::: Task inputs :::
(* For every epistemic transition system, every history $h$ of it, all coalitions $C,D$ with $C\cap D=\varnothing$ and all formulas $\phi,\psi\in\Phi$: if $h\Vdash\mathsf{H}_C(\phi\to\psi)$ and $h\Vdash\mathsf{H}_D\phi$, then $h\Vdash\mathsf{H}_{C\cup D}\psi$.
   Context: Fix a set of agents $\mathcal{A}$; a coalition is a subset of $\mathcal{A}$. Language $\Phi$: $\phi ::= p \mid \neg\phi \mid \phi\to\phi \mid \mathsf{K}_C\phi \mid \mathsf{H}_C\phi$ ($C\subseteq\mathcal{A}$). An epistemic transition system is a tuple $(W,\{\sim_a\}_{a\in\mathcal{A}},V,M,\pi)$ with $W$ a set of states, each $\sim_a$ an equivalence relation on $W$, $V$ a nonempty set, $M\subseteq W\times V^{\mathcal{A}}\times W$, $\pi$ mapping propositional variables to subsets of $W$. For profiles $\mathbf{s}_1\in V^{C_1},\mathbf{s}_2\in V^{C_2}$ and $C\subseteq C_1\cap C_2$, $\mathbf{s}_1=_C\mathbf{s}_2$ means $(\mathbf{s}_1)_a=(\mathbf{s}_2)_a$ for all $a\in C$. A history is a sequence $(w_0,\mathbf{s}_1,w_1,\dots,\mathbf{s}_n,w_n)$, $n\ge0$, with $w_i\in W$, $\mathbf{s}_i\in V^{\mathcal{A}}$, $(w_i,\mathbf{s}_{i+1},w_{i+1})\in M$; $hd(h)$ is its last element, and $h::\mathbf{s}::w$ denotes extension. $h\approx_a h'$ iff the histories have the same length $n$, their $i$-th states are $\sim_a$-related for all $i$, and their $i$-th profiles agree at $a$ for all $i$; $h\approx_C h'$ iff $h\approx_a h'$ for all $a\in C$. Satisfaction: $h\Vdash p$ iff $hd(h)\in\pi(p)$; Boolean clauses standard; $h\Vdash\mathsf{K}_C\phi$ iff $h'\Vdash\phi$ for all histories $h'$ with $h\approx_C h'$; $h\Vdash\mathsf{H}_C\phi$ iff there is $\mathbf{s}\in V^C$ such that for every history $h'::\mathbf{s}'::w'$ with $h\approx_C h'$ and $\mathbf{s}=_C\mathbf{s}'$, $h'::\mathbf{s}'::w'\Vdash\phi$. *)

theory Defs
  imports Main
begin

datatype ('p, 'ag) form =
    Prop 'p
  | Neg "('p, 'ag) form"
  | Imp "('p, 'ag) form" "('p, 'ag) form"
  | Know "'ag set" "('p, 'ag) form"
  | Hows "'ag set" "('p, 'ag) form"

record ('w, 'ag, 'v, 'p) ets =
  St :: "'w set"
  Ind :: "'ag \<Rightarrow> ('w \<times> 'w) set"
  Val :: "'v set"
  Mech :: "('w \<times> ('ag \<Rightarrow> 'v) \<times> 'w) set"
  Pi :: "'p \<Rightarrow> 'w set"

definition is_ets :: "('w, 'ag, 'v, 'p) ets \<Rightarrow> bool" where
  "is_ets T \<longleftrightarrow>
     (\<forall>a. equiv (St T) (Ind T a)) \<and>
     Val T \<noteq> {} \<and>
     Mech T \<subseteq> {(w, s, u). w \<in> St T \<and> (\<forall>a. s a \<in> Val T) \<and> u \<in> St T} \<and>
     (\<forall>p. Pi T p \<subseteq> St T)"

text \<open>A history (w0, s1, w1, ..., sn, wn) is represented as the initial state w0 together
  with the list [(s1,w1),...,(sn,wn)].\<close>
type_synonym ('w, 'ag, 'v) hist = "'w \<times> (('ag \<Rightarrow> 'v) \<times> 'w) list"

fun steps_ok :: "('w, 'ag, 'v, 'p) ets \<Rightarrow> 'w \<Rightarrow> (('ag \<Rightarrow> 'v) \<times> 'w) list \<Rightarrow> bool" where
  "steps_ok T w [] = True"
| "steps_ok T w ((s, u) # rest) = ((w, s, u) \<in> Mech T \<and> steps_ok T u rest)"

definition is_hist :: "('w, 'ag, 'v, 'p) ets \<Rightarrow> ('w, 'ag, 'v) hist \<Rightarrow> bool" where
  "is_hist T h \<longleftrightarrow> fst h \<in> St T \<and> steps_ok T (fst h) (snd h)"

definition hd_h :: "('w, 'ag, 'v) hist \<Rightarrow> 'w" where
  "hd_h h = (if snd h = [] then fst h else snd (last (snd h)))"

definition ext_h :: "('w, 'ag, 'v) hist \<Rightarrow> ('ag \<Rightarrow> 'v) \<Rightarrow> 'w \<Rightarrow> ('w, 'ag, 'v) hist" where
  "ext_h h s w = (fst h, snd h @ [(s, w)])"

definition indist_a :: "('w, 'ag, 'v, 'p) ets \<Rightarrow> 'ag \<Rightarrow> ('w, 'ag, 'v) hist \<Rightarrow> ('w, 'ag, 'v) hist \<Rightarrow> bool" where
  "indist_a T a h h' \<longleftrightarrow>
     length (snd h) = length (snd h') \<and>
     (fst h, fst h') \<in> Ind T a \<and>
     (\<forall>i < length (snd h). (snd (snd h ! i), snd (snd h' ! i)) \<in> Ind T a \<and>
                           fst (snd h ! i) a = fst (snd h' ! i) a)"

definition indist :: "('w, 'ag, 'v, 'p) ets \<Rightarrow> 'ag set \<Rightarrow> ('w, 'ag, 'v) hist \<Rightarrow> ('w, 'ag, 'v) hist \<Rightarrow> bool" where
  "indist T C h h' \<longleftrightarrow> (\<forall>a \<in> C. indist_a T a h h')"

text \<open>Satisfaction. A coalition profile s in V^C is represented by a function agreeing
  with it on C (values outside C are irrelevant).\<close>
fun sat :: "('w, 'ag, 'v, 'p) ets \<Rightarrow> ('w, 'ag, 'v) hist \<Rightarrow> ('p, 'ag) form \<Rightarrow> bool" where
  "sat T h (Prop p) = (hd_h h \<in> Pi T p)"
| "sat T h (Neg \<phi>) = (\<not> sat T h \<phi>)"
| "sat T h (Imp \<phi> \<psi>) = (sat T h \<phi> \<longrightarrow> sat T h \<psi>)"
| "sat T h (Know C \<phi>) = (\<forall>h'. is_hist T h' \<and> indist T C h h' \<longrightarrow> sat T h' \<phi>)"
| "sat T h (Hows C \<phi>) =
     (\<exists>s. (\<forall>a \<in> C. s a \<in> Val T) \<and>
        (\<forall>h' s' w'. is_hist T (ext_h h' s' w') \<and> indist T C h h' \<and> (\<forall>a \<in> C. s a = s' a)
                 \<longrightarrow> sat T (ext_h h' s' w') \<phi>))"

end

theory Submission
  imports Defs
begin

text \<open>The coalitions pool their strategies: C plays its know-how strategy for
  \<phi> \<longrightarrow> \<psi> and D its know-how strategy for \<phi>. Since C and D are disjoint
  the combined profile agrees with each of them on its own members, and every
  history C \<union> D cannot tell apart from h is one that neither C nor D can tell
  apart, so both strategies apply to every outcome and modus ponens gives \<psi>.\<close>

lemma indist_Un_iff:
  "indist T (C \<union> D) h h' \<longleftrightarrow> indist T C h h' \<and> indist T D h h'"
  by (auto simp: indist_def)

lemma sat_Hows_iff:
  "sat T h (Hows C \<phi>) \<longleftrightarrow>
     (\<exists>s. (\<forall>a \<in> C. s a \<in> Val T) \<and>
        (\<forall>h' s' w'. is_hist T (ext_h h' s' w') \<and> indist T C h h' \<and> (\<forall>a \<in> C. s' a = s a)
                 \<longrightarrow> sat T (ext_h h' s' w') \<phi>))"
  by (auto simp: eq_commute)

theorem lemma11:
  fixes T :: "('w, 'ag, 'v, 'p) ets"
    and h :: "('w, 'ag, 'v) hist"
    and C D :: "'ag set"
    and \<phi> \<psi> :: "('p, 'ag) form"
  assumes "is_ets T"
    and "is_hist T h"
    and "C \<inter> D = {}"
    and "sat T h (Hows C (Imp \<phi> \<psi>))"
    and "sat T h (Hows D \<phi>)"
  shows "sat T h (Hows (C \<union> D) \<psi>)"
proof -
  obtain sC where sC_Val: "\<forall>a \<in> C. sC a \<in> Val T"
    and sC_wins: "\<And>h' s' w'. \<lbrakk>is_hist T (ext_h h' s' w'); indist T C h h'; \<forall>a \<in> C. s' a = sC a\<rbrakk>
                 \<Longrightarrow> sat T (ext_h h' s' w') (Imp \<phi> \<psi>)"
    using assms(4) unfolding sat_Hows_iff by blast
  obtain sD where sD_Val: "\<forall>a \<in> D. sD a \<in> Val T"
    and sD_wins: "\<And>h' s' w'. \<lbrakk>is_hist T (ext_h h' s' w'); indist T D h h'; \<forall>a \<in> D. s' a = sD a\<rbrakk>
                 \<Longrightarrow> sat T (ext_h h' s' w') \<phi>"
    using assms(5) unfolding sat_Hows_iff by blast
  define s where "s a = (if a \<in> C then sC a else sD a)" for a
  have s_on_C: "\<forall>a \<in> C. s a = sC a" and s_on_D: "\<forall>a \<in> D. s a = sD a"
    using assms(3) by (auto simp: s_def)
  show ?thesis
    unfolding sat_Hows_iff
  proof (intro exI conjI allI impI)
    show "\<forall>a \<in> C \<union> D. s a \<in> Val T"
      using sC_Val sD_Val s_on_C s_on_D by auto
  next
    fix h' s' w'
    assume "is_hist T (ext_h h' s' w') \<and> indist T (C \<union> D) h h' \<and> (\<forall>a \<in> C \<union> D. s' a = s a)"
    with s_on_C s_on_D sC_wins sD_wins show "sat T (ext_h h' s' w') \<psi>"
      by (auto simp: indist_Un_iff)
  qed
qed

end
text \<open>A minimum separator of least cardinality is contained in every other one, since by
  submodularity its intersection with another minimum separator is again minimum.\<close>

lemma is_smallest_min_sep_exists:
  assumes "finite W" "a \<in> W" "a \<noteq> b"
    and submodular: "\<And>X Y. separator W a b X \<Longrightarrow> separator W a b Y \<Longrightarrow>
                              f (X \<inter> Y) + f (X \<union> Y) \<le> f X + f Y"
  shows "\<exists>Z. is_smallest_min_sep W f a b Z"
proof -
  obtain Z where Z: "min_separator W f a b Z"
    and Z_least: "\<And>Y. min_separator W f a b Y \<Longrightarrow> card Z \<le> card Y"
    using min_separator_exists[OF assms(2,3)] ex_has_least_nat[where m = card] by metis
  have "Z \<subseteq> Y" if Y: "min_separator W f a b Y" for Y
  proof -
    have sep: "separator W a b Z" "separator W a b Y"
      "separator W a b (Z \<inter> Y)" "separator W a b (Z \<union> Y)"
      using Z Y by (auto simp: min_separator_def separator_def)
    then have "f Y \<le> f (Z \<union> Y)"
      using Y by (simp add: min_separator_def)
    with submodular[OF sep(1,2)] have "f (Z \<inter> Y) \<le> f Z"
      by linarith
    moreover have "f Z \<le> f Y'" if "separator W a b Y'" for Y'
      using Z that by (simp add: min_separator_def)
    ultimately have "min_separator W f a b (Z \<inter> Y)"
      using sep(3) unfolding min_separator_def by (meson order_trans)
    then have "card Z \<le> card (Z \<inter> Y)"
      by (rule Z_least)
    moreover have "finite Z"
      using sep(1) \<open>finite W\<close> by (meson finite_subset separator_def)
    ultimately have "Z \<inter> Y = Z"
      using card_seteq[of Z "Z \<inter> Y"] by blast
    then show "Z \<subseteq> Y"
      by blast
  qed
  with Z show ?thesis
    unfolding is_smallest_min_sep_def by blast
qed

locale separator_reduction =
  fixes W :: "'w set" and f :: "'w set \<Rightarrow> nat" and a' b' :: 'w
    and V :: "'v set" and h :: "'v set \<Rightarrow> nat" and a b :: 'v
    and proj :: "'w set \<Rightarrow> 'v set" and lift :: "'v set \<Rightarrow> 'w set"
  assumes proj_separator: "\<And>Z'. separator W a' b' Z' \<Longrightarrow> separator V a b (proj Z')"
    and lift_separator: "\<And>Z. separator V a b Z \<Longrightarrow> separator W a' b' (lift Z)"
    and proj_lift: "\<And>Z. separator V a b Z \<Longrightarrow> proj (lift Z) = Z"
    and mono_proj: "mono proj"
    and cost_proj_le: "\<And>Z'. separator W a' b' Z' \<Longrightarrow> h (proj Z') \<le> f Z'"
    and cost_lift: "\<And>Z. separator V a b Z \<Longrightarrow> f (lift Z) = h Z"
begin

lemma min_separator_proj:
  assumes Z': "min_separator W f a' b' Z'"
  shows "min_separator V h a b (proj Z')"
proof -
  have "h (proj Z') \<le> h Y" if "separator V a b Y" for Y
  proof -
    have "h (proj Z') \<le> f Z'"
      using Z' cost_proj_le by (simp add: min_separator_def)
    also have "\<dots> \<le> f (lift Y)"
      using Z' lift_separator[OF that] by (simp add: min_separator_def)
    finally show ?thesis
      using cost_lift[OF that] by simp
  qed
  then show ?thesis
    using Z' proj_separator by (simp add: min_separator_def)
qed

lemma min_separator_lift:
  assumes Z: "min_separator V h a b Z"
  shows "min_separator W f a' b' (lift Z)"
proof -
  have "f (lift Z) \<le> f Y'" if "separator W a' b' Y'" for Y'
  proof -
    have "f (lift Z) = h Z"
      using Z cost_lift by (simp add: min_separator_def)
    also have "\<dots> \<le> h (proj Y')"
      using Z proj_separator[OF that] by (simp add: min_separator_def)
    finally show ?thesis
      using cost_proj_le[OF that] by simp
  qed
  then show ?thesis
    using Z lift_separator by (simp add: min_separator_def)
qed
(* Let $p$ be an odd prime and let $n,s$ be positive integers such that $2n/s\geq 3$ is an odd integer; put $q=p^n$, $d=p^s$. For any $k=\alpha^d+\alpha\in\mathbb{F}_{q^2}$ (with $\alpha\in\mathbb{F}_{q^2}$), the map \[ \phi_k\big((a^d+a,x)\big)=\big(a^d+a+k,\ x+a^d\alpha+a\alpha^d+\alpha^{d+1}\big) \] is an automorphism of the graph $\mathcal{A}_{q^2,d}$.
   Context: The map $x\mapsto x^d+x$ is a bijection of $\mathbb{F}_{q^2}$. The graph $\mathcal{A}_{q^2,d}$ has vertex set $\mathbb{F}_{q^2}\times\mathbb{F}_{q^2}$; writing vertices as $(a^d+a,x)$ and $(b^d+b,y)$ with $a,b,x,y\in\mathbb{F}_{q^2}$ (uniquely), two distinct vertices are adjacent iff $a^db+ab^d=x+y$. *)

theory Defs
  imports "HOL-Computational_Algebra.Primes"
begin

definition trace_map :: "nat \<Rightarrow> 'a::field \<Rightarrow> 'a" where
  "trace_map d a = a ^ d + a"

definition A_adj :: "nat \<Rightarrow> 'a::field \<times> 'a \<Rightarrow> 'a \<times> 'a \<Rightarrow> bool" where
  "A_adj d v w \<longleftrightarrow> v \<noteq> w \<and>
     (let a = inv (trace_map d) (fst v); b = inv (trace_map d) (fst w)
      in a ^ d * b + a * b ^ d = snd v + snd w)"

definition graph_automorphism :: "('v \<Rightarrow> 'v \<Rightarrow> bool) \<Rightarrow> ('v \<Rightarrow> 'v) \<Rightarrow> bool" where
  "graph_automorphism adj f \<longleftrightarrow> bij f \<and> (\<forall>v w. adj v w \<longleftrightarrow> adj (f v) (f w))"

definition phi_map :: "nat \<Rightarrow> 'a::field \<Rightarrow> 'a \<times> 'a \<Rightarrow> 'a \<times> 'a" where
  "phi_map d \<alpha> v =
     (let a = inv (trace_map d) (fst v)
      in (fst v + trace_map d \<alpha>, snd v + a ^ d * \<alpha> + a * \<alpha> ^ d + \<alpha> ^ (d + 1)))"

end

theory Submission
  imports Defs "HOL-Number_Theory.Residues"
begin

text \<open>
  Let \<open>T = trace_map d\<close>. Since \<open>d\<close> is a power of the characteristic, \<open>T\<close> is additive, and
  \<open>T c = 0\<close> means \<open>c\<^sup>d = -c\<close>; iterating \<open>m = 2n/s\<close> times (with \<open>d\<close> and \<open>m\<close> odd) gives
  \<open>c = c\<^bsup>d\<^sup>m\<^esup> = -c\<close>, so \<open>T\<close> is a bijection as the field has odd characteristic.
  Writing a vertex as \<open>(T a, x)\<close>, the map \<open>\<phi>\<^sub>k\<close> sends it to \<open>(T (a + \<alpha>), x + \<sigma> a)\<close> with
  \<open>\<sigma> a = a\<^sup>d \<alpha> + a \<alpha>\<^sup>d + \<alpha>\<^bsup>d+1\<^esup>\<close>, and additivity of the Frobenius power gives
  \<open>(a+\<alpha>)\<^sup>d (b+\<alpha>) + (a+\<alpha>) (b+\<alpha>)\<^sup>d = a\<^sup>d b + a b\<^sup>d + \<sigma> a + \<sigma> b\<close>, so adjacency is preserved.
\<close>

definition field_mult_group :: "'a::field monoid" where
  "field_mult_group = \<lparr>carrier = - {0}, monoid.mult = (*), one = 1\<rparr>"

lemma comm_group_field_mult_group: "comm_group (field_mult_group :: 'a::field monoid)"
proof (rule comm_groupI)
  show "\<exists>y\<in>carrier field_mult_group. y \<otimes>\<^bsub>field_mult_group\<^esub> x = \<one>\<^bsub>field_mult_group\<^esub>"
    if "x \<in> carrier field_mult_group" for x :: 'a
    using that by (intro bexI[of _ "inverse x"]) (auto simp: field_mult_group_def)
qed (auto simp: field_mult_group_def mult_ac)

lemma field_mult_group_pow: "x [^]\<^bsub>field_mult_group\<^esub> (n::nat) = x ^ n"
  by (induction n) (simp_all add: field_mult_group_def mult.commute)

lemma power_card_UNIV_eq_self:
  fixes x :: "'a::{field,finite}"
  shows "x ^ card (UNIV :: 'a set) = x"
proof (cases "x = 0")
  case False
  let ?G = "field_mult_group :: 'a monoid"
  have carrier: "carrier ?G = UNIV - {0}" and one: "\<one>\<^bsub>?G\<^esub> = 1"
    by (auto simp: field_mult_group_def)
  have "x [^]\<^bsub>?G\<^esub> card (carrier ?G) = \<one>\<^bsub>?G\<^esub>"
    using False by (intro comm_group.power_order_eq_one comm_group_field_mult_group)
      (simp_all add: carrier)
  then have "x ^ (card (UNIV :: 'a set) - 1) = 1"
    by (simp only: field_mult_group_pow carrier one card_Diff_singleton finite_UNIV UNIV_I)
  have "x ^ card (UNIV :: 'a set) = x ^ Suc (card (UNIV :: 'a set) - 1)"
    using finite_UNIV_card_ge_0[where 'a='a] by simp
  also have "\<dots> = x * x ^ (card (UNIV :: 'a set) - 1)"
    by (rule power_Suc)
  finally show ?thesis
    using \<open>x ^ (card (UNIV :: 'a set) - 1) = 1\<close> by simp
qed (simp add: finite_UNIV_card_ge_0)

lemma CHAR_eq_if_card_UNIV_eq_prime_power:
  assumes "prime p" and "card (UNIV :: 'a::{field,finite} set) = p ^ m"
  shows "CHAR('a) = p"
proof -
  have "prime CHAR('a)"
    by (simp add: finite_imp_CHAR_pos prime_CHAR_semidom)
  moreover have "CHAR('a) dvd p ^ m"
    using CHAR_dvd_CARD[where 'a='a] assms(2) by simp
  ultimately show ?thesis
    using assms(1) prime_dvd_power primes_dvd_imp_eq by blast
qed

lemma eq_0_if_power_eq_uminus:
  fixes c :: "'a::{field,finite}"
  assumes "c ^ d = - c" and "odd d" and "odd m" and "d ^ m = card (UNIV :: 'a set)"
    and "(2::'a) \<noteq> 0"
  shows "c = 0"
proof -
  have iterate: "c ^ (d ^ k) = (-1) ^ k * c" for k
  proof (induction k)
    case (Suc k)
    have "c ^ (d ^ Suc k) = (c ^ d) ^ (d ^ k)"
      by (simp add: mult.commute flip: power_mult)
    also have "\<dots> = - (c ^ (d ^ k))"
      using assms(1,2) by simp
    finally show ?case
      using Suc by simp
  qed simp
  have "c = - c"
    using iterate[of m] power_card_UNIV_eq_self[of c] assms(3,4) by simp
  then have "2 * c = 0"
    by (simp add: algebra_simps)
  then show ?thesis
    using assms(5) by simp
qed

lemma bij_trace_map:
  fixes d m :: nat
  assumes additive: "\<And>x y :: 'a::{field,finite}. (x + y) ^ d = x ^ d + y ^ d"
    and "odd d" and "odd m" and "d ^ m = card (UNIV :: 'a set)" and "(2::'a) \<noteq> 0"
  shows "bij (trace_map d :: 'a \<Rightarrow> 'a)"
proof -
  have "inj (trace_map d :: 'a \<Rightarrow> 'a)"
  proof (rule injI)
    fix x y :: 'a
    assume "trace_map d x = trace_map d y"
    then have "(x - y) ^ d = - (x - y)"
      using additive[of "x - y" y] by (simp add: trace_map_def algebra_simps)
    from eq_0_if_power_eq_uminus[OF this assms(2-5)] show "x = y"
      by simp
  qed
  then show ?thesis
    by (simp add: bij_def finite_UNIV_inj_surj)
qed

lemma frobenius_form_shift:
  fixes a b \<alpha> :: "'a::comm_ring_1"
  assumes additive: "\<And>x y :: 'a. (x + y) ^ d = x ^ d + y ^ d"
  shows "(a + \<alpha>) ^ d * (b + \<alpha>) + (a + \<alpha>) * (b + \<alpha>) ^ d =
    (a ^ d * b + a * b ^ d) + (a ^ d * \<alpha> + a * \<alpha> ^ d + \<alpha> ^ (d + 1))
      + (b ^ d * \<alpha> + b * \<alpha> ^ d + \<alpha> ^ (d + 1))"
  by (simp add: additive algebra_simps)

lemma phi_map_eq:
  fixes \<alpha> :: "'a::field"
  assumes additive: "\<And>x y :: 'a. (x + y) ^ d = x ^ d + y ^ d"
    and bij: "bij (trace_map d :: 'a \<Rightarrow> 'a)"
    and a_def: "a = inv_into UNIV (trace_map d) (fst v)"
  shows "phi_map d \<alpha> v =
    (trace_map d (a + \<alpha>), snd v + a ^ d * \<alpha> + a * \<alpha> ^ d + \<alpha> ^ (d + 1))"
proof -
  have "fst v = trace_map d a"
    using bij a_def by (simp add: bij_is_surj surj_f_inv_f)
  then have "fst v + trace_map d \<alpha> = trace_map d (a + \<alpha>)"
    by (simp add: trace_map_def additive add_ac)
  then show ?thesis
    unfolding phi_map_def Let_def a_def[symmetric] by simp
qed

lemma inj_phi_map:
  fixes \<alpha> :: "'a::field"
  assumes additive: "\<And>x y :: 'a. (x + y) ^ d = x ^ d + y ^ d"
    and bij: "bij (trace_map d :: 'a \<Rightarrow> 'a)"
  shows "inj (phi_map d \<alpha>)"
proof (rule injI)
  let ?T = "trace_map d :: 'a \<Rightarrow> 'a"
  fix v w :: "'a \<times> 'a"
  define a b where "a = inv_into UNIV ?T (fst v)" and "b = inv_into UNIV ?T (fst w)"
  assume "phi_map d \<alpha> v = phi_map d \<alpha> w"
  then have "?T (a + \<alpha>) = ?T (b + \<alpha>)"
    and snd_eq: "snd v + a ^ d * \<alpha> + a * \<alpha> ^ d = snd w + b ^ d * \<alpha> + b * \<alpha> ^ d"
    by (simp_all add: phi_map_eq[OF additive bij a_def] phi_map_eq[OF additive bij b_def])
  then have "a = b"
    using bij by (simp add: bij_is_inj inj_eq)
  then have "fst v = fst w"
    using bij unfolding a_def b_def by (metis bij_is_surj surj_f_inv_f)
  moreover have "snd v = snd w"
    using snd_eq by (simp add: \<open>a = b\<close>)
  ultimately show "v = w"
    by (simp add: prod_eq_iff)
qed

lemma graph_automorphism_phi_map:
  fixes \<alpha> :: "'a::{field,finite}"
  assumes additive: "\<And>x y :: 'a. (x + y) ^ d = x ^ d + y ^ d"
    and bij: "bij (trace_map d :: 'a \<Rightarrow> 'a)"
  shows "graph_automorphism (A_adj d) (phi_map d \<alpha>)"
proof -
  let ?T = "trace_map d :: 'a \<Rightarrow> 'a" and ?\<phi> = "phi_map d \<alpha>"
  have inj: "inj ?\<phi>"
    using inj_phi_map[OF additive bij] .
  have "A_adj d v w \<longleftrightarrow> A_adj d (?\<phi> v) (?\<phi> w)" for v w
  proof -
    define a b where "a = inv_into UNIV ?T (fst v)" and "b = inv_into UNIV ?T (fst w)"
    define \<sigma> where "\<sigma> c = c ^ d * \<alpha> + c * \<alpha> ^ d + \<alpha> ^ (d + 1)" for c
    note \<phi>_v = phi_map_eq[OF additive bij a_def] and \<phi>_w = phi_map_eq[OF additive bij b_def]
    have "inv_into UNIV ?T (fst (?\<phi> v)) = a + \<alpha>" and "inv_into UNIV ?T (fst (?\<phi> w)) = b + \<alpha>"
      using bij by (simp_all add: \<phi>_v \<phi>_w bij_is_inj)
    moreover have "snd (?\<phi> v) + snd (?\<phi> w) = (snd v + snd w) + \<sigma> a + \<sigma> b"
      by (simp add: \<phi>_v \<phi>_w \<sigma>_def add_ac)
    moreover have "(a + \<alpha>) ^ d * (b + \<alpha>) + (a + \<alpha>) * (b + \<alpha>) ^ d
        = (a ^ d * b + a * b ^ d) + \<sigma> a + \<sigma> b"
      unfolding \<sigma>_def by (rule frobenius_form_shift[OF additive])
    ultimately show ?thesis
      using inj by (simp add: A_adj_def Let_def inj_eq a_def[symmetric] b_def[symmetric])
  qed
  with inj show ?thesis
    unfolding graph_automorphism_def by (simp add: bij_def finite_UNIV_inj_surj)
qed

theorem lemma8:
  fixes p n s :: nat and \<alpha> :: "'a::{field,finite}"
  assumes "prime p" and "odd p" and "n > 0" and "s > 0"
    and "s dvd 2 * n" and "odd (2 * n div s)" and "2 * n div s \<ge> 3"
    and "card (UNIV :: 'a set) = (p ^ n) ^ 2"
  shows "graph_automorphism (A_adj (p ^ s)) (phi_map (p ^ s) \<alpha>)"
proof -
  have "card (UNIV :: 'a set) = p ^ (n * 2)"
    using assms(8) by (simp add: power_mult)
  then have char: "CHAR('a) = p"
    using CHAR_eq_if_card_UNIV_eq_prime_power assms(1) by blast
  have additive: "(x + y) ^ p ^ s = x ^ p ^ s + y ^ p ^ s" for x y :: 'a
    using freshmans_dream' char assms(1) by blast
  have "(p ^ s) ^ (2 * n div s) = card (UNIV :: 'a set)"
    using assms(5,8) by (simp add: power_mult[symmetric] mult.commute)
  moreover have "(2::'a) \<noteq> 0"
  proof -
    have "\<not> p dvd 2"
      using primes_dvd_imp_eq[OF assms(1) two_is_prime_nat] assms(2) by auto
    then show ?thesis
      using of_nat_eq_0_iff_char_dvd[of 2, where 'a='a] char by simp
  qed
  ultimately have "bij (trace_map (p ^ s) :: 'a \<Rightarrow> 'a)"
    using bij_trace_map[OF additive] assms(2,6) by simp
  then show ?thesis
    using graph_automorphism_phi_map[OF additive] by blast
qed

end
:::
(Exercise instructions) From the entries above, extract every line where the word "coalitions" appears.

(Written solution)
(* For every epistemic transition system, every history $h$ of it, all coalitions $C,D$ with $C\cap D=\varnothing$ and all formulas $\phi,\psi\in\Phi$: if $h\Vdash\mathsf{H}_C(\phi\to\psi)$ and $h\Vdash\mathsf{H}_D\phi$, then $h\Vdash\mathsf{H}_{C\cup D}\psi$.
text \<open>The coalitions pool their strategies: C plays its know-how strategy for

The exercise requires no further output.